● **Brief**: Looking at the listing below, give the number of lines in which the string "lambda" appears, and add nothing else.

::::::

lemma summable_imp_coeff_bound:
  fixes a :: "nat \<Rightarrow> complex"
  assumes "summable (\<lambda>k. a k * z ^ k)"
  shows "\<exists>C\<ge>0. \<forall>k. norm (a k) * norm z ^ k \<le> C"
proof -
  have "Bseq (\<lambda>k. a k * z ^ k)"
    using summable_LIMSEQ_zero[OF assms] by (intro convergent_imp_Bseq convergentI)
  then show ?thesis by (auto simp: Bseq_def norm_mult norm_power intro: less_imp_le)
qed

lemma A_space_conv_radius: "a \<in> A_space \<Longrightarrow> conv_radius a \<ge> 1"
  by (rule conv_radius_geI_ex') (auto simp: A_space_def)

lemma A_space_diff: "a \<in> A_space \<Longrightarrow> b \<in> A_space \<Longrightarrow> (\<lambda>k. a k - b k) \<in> A_space"
  unfolding A_space_def by (auto simp: left_diff_distrib intro: summable_diff)

lemma pser_diff:
  "a \<in> A_space \<Longrightarrow> b \<in> A_space \<Longrightarrow> norm z < 1 \<Longrightarrow> pser (\<lambda>k. a k - b k) z = pser a z - pser b z"
  unfolding A_space_def pser_def by (simp add: left_diff_distrib suminf_diff)

lemma A_space_Cauchy_inequality:
  assumes a: "a \<in> A_space" and r: "0 < r" "r < 1"
    and B: "\<And>z. norm z = r \<Longrightarrow> norm (pser a z) \<le> B"
  shows "norm (a n) \<le> B / r ^ n"
proof -
  define F where "F = Abs_fps a"
  have rad: "fps_conv_radius F \<ge> 1"
    using A_space_conv_radius[OF a] by (simp add: F_def fps_conv_radius_def)
  have sub: "cball (0::complex) r \<subseteq> eball 0 (fps_conv_radius F)"
  proof
    fix z :: complex assume "z \<in> cball 0 r"
    then have "ereal (norm z) < 1" using r by auto
    with rad have "ereal (norm z) < fps_conv_radius F" by (rule order.strict_trans2[rotated])
    then show "z \<in> eball 0 (fps_conv_radius F)" by (simp add: eball_def)
  qed
  have "a n = (deriv ^^ n) (eval_fps F) 0 / fact n"
    using fps_nth_conv_deriv[of F n] less_le_trans[OF _ rad, of 0] by (simp add: F_def)
  moreover have "norm ((deriv ^^ n) (eval_fps F) 0) \<le> fact n * B / r ^ n"
  proof (rule Cauchy_inequality)
    show "eval_fps F holomorphic_on ball 0 r"
      using sub by (intro holomorphic_on_eval_fps) auto
    show "continuous_on (cball 0 r) (eval_fps F)"
      by (rule continuous_on_subset[OF continuous_on_eval_fps sub])
    show "norm (eval_fps F x) \<le> B" if "norm (0 - x) = r" for x
      using B[of x] that by (simp add: F_def eval_fps_def pser_def)
  qed (use r in auto)
  ultimately have "norm (a n) \<le> (fact n * B / r ^ n) / fact n"
    by (metis divide_right_mono norm_divide norm_fact fact_ge_zero)
  then show ?thesis by simp
qed

context
  fixes G :: "nat \<Rightarrow> nat \<Rightarrow> complex" and f :: "nat \<Rightarrow> complex"
  assumes G: "\<And>n. G n \<in> A_space" and f: "f \<in> A_space" and lim: "loc_unif_lim G f"
begin
lemma simplex_duality_in_open_simplex_iff:
  fixes c :: real
  assumes c: "c < 1" and t: "\<forall>j<k. 0 \<le> t j \<and> t j \<le> 1"
  shows "simplex_duality c k t \<in> open_simplex k \<longleftrightarrow> t \<in> open_simplex k"
proof -
  let ?T = "simplex_duality c k t"
  have "(\<forall>i<k. 0 < ?T i \<and> ?T i < 1) \<longleftrightarrow> (\<forall>i<k. 0 < t (k - Suc i) \<and> t (k - Suc i) < 1)"
    using t duality_map_in_open_unit_iff[OF c] by (auto simp: simplex_duality_def)
  also have "\<dots> \<longleftrightarrow> (\<forall>i<k. 0 < t i \<and> t i < 1)"
    by (rule all_lessThan_reverse_iff)
  finally have bounds: "(\<forall>i<k. 0 < ?T i \<and> ?T i < 1) \<longleftrightarrow> (\<forall>i<k. 0 < t i \<and> t i < 1)" .
  have "(\<forall>i. Suc i < k \<longrightarrow> ?T i < ?T (Suc i))
      \<longleftrightarrow> (\<forall>i<k - 1. t (k - 1 - Suc i) < t (Suc (k - 1 - Suc i)))"
    using t duality_map_less_iff[OF c]
    by (auto simp: simplex_duality_def Suc_diff_Suc less_diff_conv)
  also have "\<dots> \<longleftrightarrow> (\<forall>i<k - 1. t i < t (Suc i))"
    by (rule all_lessThan_reverse_iff)
  finally have order: "(\<forall>i. Suc i < k \<longrightarrow> ?T i < ?T (Suc i)) \<longleftrightarrow> (\<forall>i. Suc i < k \<longrightarrow> t i < t (Suc i))"
    by (simp add: less_diff_conv)
  show ?thesis
    unfolding open_simplex_def using bounds order by simp
qed

definition simplex_integrand :: "real \<Rightarrow> nat list \<Rightarrow> (nat \<Rightarrow> real) \<Rightarrow> real" where
  "simplex_integrand c es t = indicator (open_simplex (length es)) t * (\<Prod>i<length es. omega c (es ! i) (t i))"

lemma iterI_eq_integral_simplex_integrand:
  "iterI c es = integral\<^sup>L (PiM {..<length es} (\<lambda>_. lborel)) (simplex_integrand c es)"
  by (simp add: iterI_def simplex_integrand_def[abs_def])

lemma simplex_integrand_measurable [measurable]:
  "simplex_integrand c es \<in> borel_measurable (PiM {..<length es} (\<lambda>_. lborel))"
proof -
  have simplex: "open_simplex k = {t. (\<forall>i\<in>{..<k}. 0 < t i \<and> t i < 1) \<and> (\<forall>i\<in>{..<k - 1}. t i < t (Suc i))}" for k
    by (auto simp: open_simplex_def less_diff_conv)
  show ?thesis
    unfolding simplex_integrand_def[abs_def] indicator_def simplex by measurable
qed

::::::

● **Exercise solution**: 6